NOW, THEREFORE, In consideration of the mutual covenants and promises
herein contained, the parties hereto agree as follows:
1.
Exclusive Marketing Representative. That if ADVANCED BIOENERGY constructs a
facility in Fairmont, Nebraska for the production of fuel grade ethanol,
RENEWABLE PRODUCTS shall be the sole marketing representative for the entire
production of said facility subject to all the terms and conditions of this
agreement. Notwithstanding the foregoing, and ethanol production
resulting from ADVANCED BIOENERGY’s direct or indirect ownership or
operation of other ethanol facilities shall not be subject to this Agreement.
2.
Plant Construction/Ethanol
Specifications. That ADVANCED
BIOENERGY promises and agrees to proceed, with due diligence, toward the
planning, financing and construction of a facility for the production of fuel
grade ethanol with a capacity of approximately 100 million gallons per year,
which fuel grade ethanol will be at least 200 proof (denatured), and conform to
the specifications described in A.S.T.M. 4806 and such other specifications
that may be, from time-to-time, promulgated by the industry for E-Grade
denatured fuel ethanol. ADVANCED BIOENERGY contemplates that said
facility is anticipated to be in production by August, 2007, and will make
every good faith effort to begin production by that time.
3.
Rail and Truck Loading Facilities. That the facility to be constructed and
operated by ADVANCED BIOENERGY, as aforesaid, shall include reasonable and
convenient railcar and tank truck access at the facility of a size and design
appropriate to handle production of approximately 100 million gallons of
ethanol per year.
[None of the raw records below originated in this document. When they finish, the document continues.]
(* Let $X\subset\mathbf{C}$ be a compact subset. The following conditions are equivalent: (1) there exists $f\in\mathcal{F}_0$ such that $X=f([0,1])$; (2) $0\in X$, there exists a real number $\alpha$ such that $X$ is symmetric with respect to the line $\mathrm{Re}(z)=\alpha$, and there exists a continuous function $f\colon[0,1]\to\mathbf{C}$ such that $X=f([0,1])$; (3) $0\in X$, there exists a real number $\alpha$ such that $X$ is symmetric with respect to the line $\mathrm{Re}(z)=\alpha$, and $X$ is connected and locally connected.
   Context: $\mathcal{F}_0$ denotes the set of all continuous functions $f\colon[0,1]\to\mathbf{C}$ such that $f(t)+\overline{f(1-t)}=f(1)$ for all $t\in[0,1]$. Symmetry of $X$ with respect to the line $\mathrm{Re}(z)=\alpha$ means $X$ is invariant under $z\mapsto 2\alpha-\bar z$. *)

theory Defs
  imports "HOL-Analysis.Analysis"
begin

definition F0 :: "(real \<Rightarrow> complex) set" where
  "F0 = {f. continuous_on {0..1} f \<and>
            (\<forall>t\<in>{0..1}. f t + cnj (f (1 - t)) = f 1)}"

definition symmetric_wrt_line :: "complex set \<Rightarrow> real \<Rightarrow> bool" where
  "symmetric_wrt_line X \<alpha> \<longleftrightarrow> (\<lambda>z. 2 * complex_of_real \<alpha> - cnj z) ` X = X"

end

theory Submission
  imports Defs
begin

text \<open>
  If \<open>f \<in> F0\<close>, the functional equation at \<open>t = 1\<close> and \<open>t = 1/2\<close> gives \<open>f 0 = 0\<close> and
  \<open>f 1 = 2\<alpha>\<close> real, and then it says that the reflection in the line \<open>Re z = \<alpha>\<close> maps \<open>f t\<close> to
  \<open>f (1 - t)\<close>. Conversely, if \<open>X\<close> is a symmetric path image containing \<open>0\<close>, it also contains
  the mirror image \<open>2\<alpha>\<close> of \<open>0\<close>, hence by connectedness a point \<open>p\<close> on the axis; run a path
  from \<open>0\<close> through all of \<open>X\<close> to \<open>p\<close> and then its mirror image backwards.

  The equivalence with connectedness and local connectedness is the Hahn-Mazurkiewicz theorem.
  For the hard direction, a compact locally connected set is uniformly locally connected, which
  yields finer and finer chains through \<open>X\<close>, each obtained from the previous one by replacing
  every point with a nearby block; the step functions on \<open>[0,1]\<close> read off from these chains
  converge uniformly to a continuous surjection.
\<close>

section \<open>Functions in \<open>F0\<close> and symmetric path images\<close>

definition line_reflection :: "real \<Rightarrow> complex \<Rightarrow> complex" where
  "line_reflection \<alpha> z = 2 * complex_of_real \<alpha> - cnj z"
All such railcar and tank truck loading facilities
shall meet all industry and governmental safety standards and shall be capable
of delivering an average of 1,800 gallons of product per minute to railcars
and/or tank trucks. ADVANCED BIOENERGY will be solely responsible for all
demurrage charges for railcars in service for its use. ADVANCED BIOENERGY
shall provide personnel reasonably needed to load trucks or rail cars at its
facility in a timely manner. Demurrage charged to trucks or railcars resulting
from operations beyond the control of ADVANCED BIOENERGY and incurred off-site
will not be charged directly to ADVANCED BIOENERGY.
4.
Storage Capacity. That the facility to be constructed and
operated by ADVANCED BIOENERGY as aforesaid shall have sufficient storage
capacity for not less than 12 days ethanol production.
5.
Best Efforts to Market. That since RENEWABLE PRODUCTS shall have the
exclusive right to market all the fuel grade ethanol produced by ADVANCED
BIOENERGY at this facility during the term of this agreement, RENEWABLE
PRODUCTS promises and agrees to use its best good faith efforts to market all
such fuel grade ethanol; provided, however, that RENEWABLE PRODUCTS’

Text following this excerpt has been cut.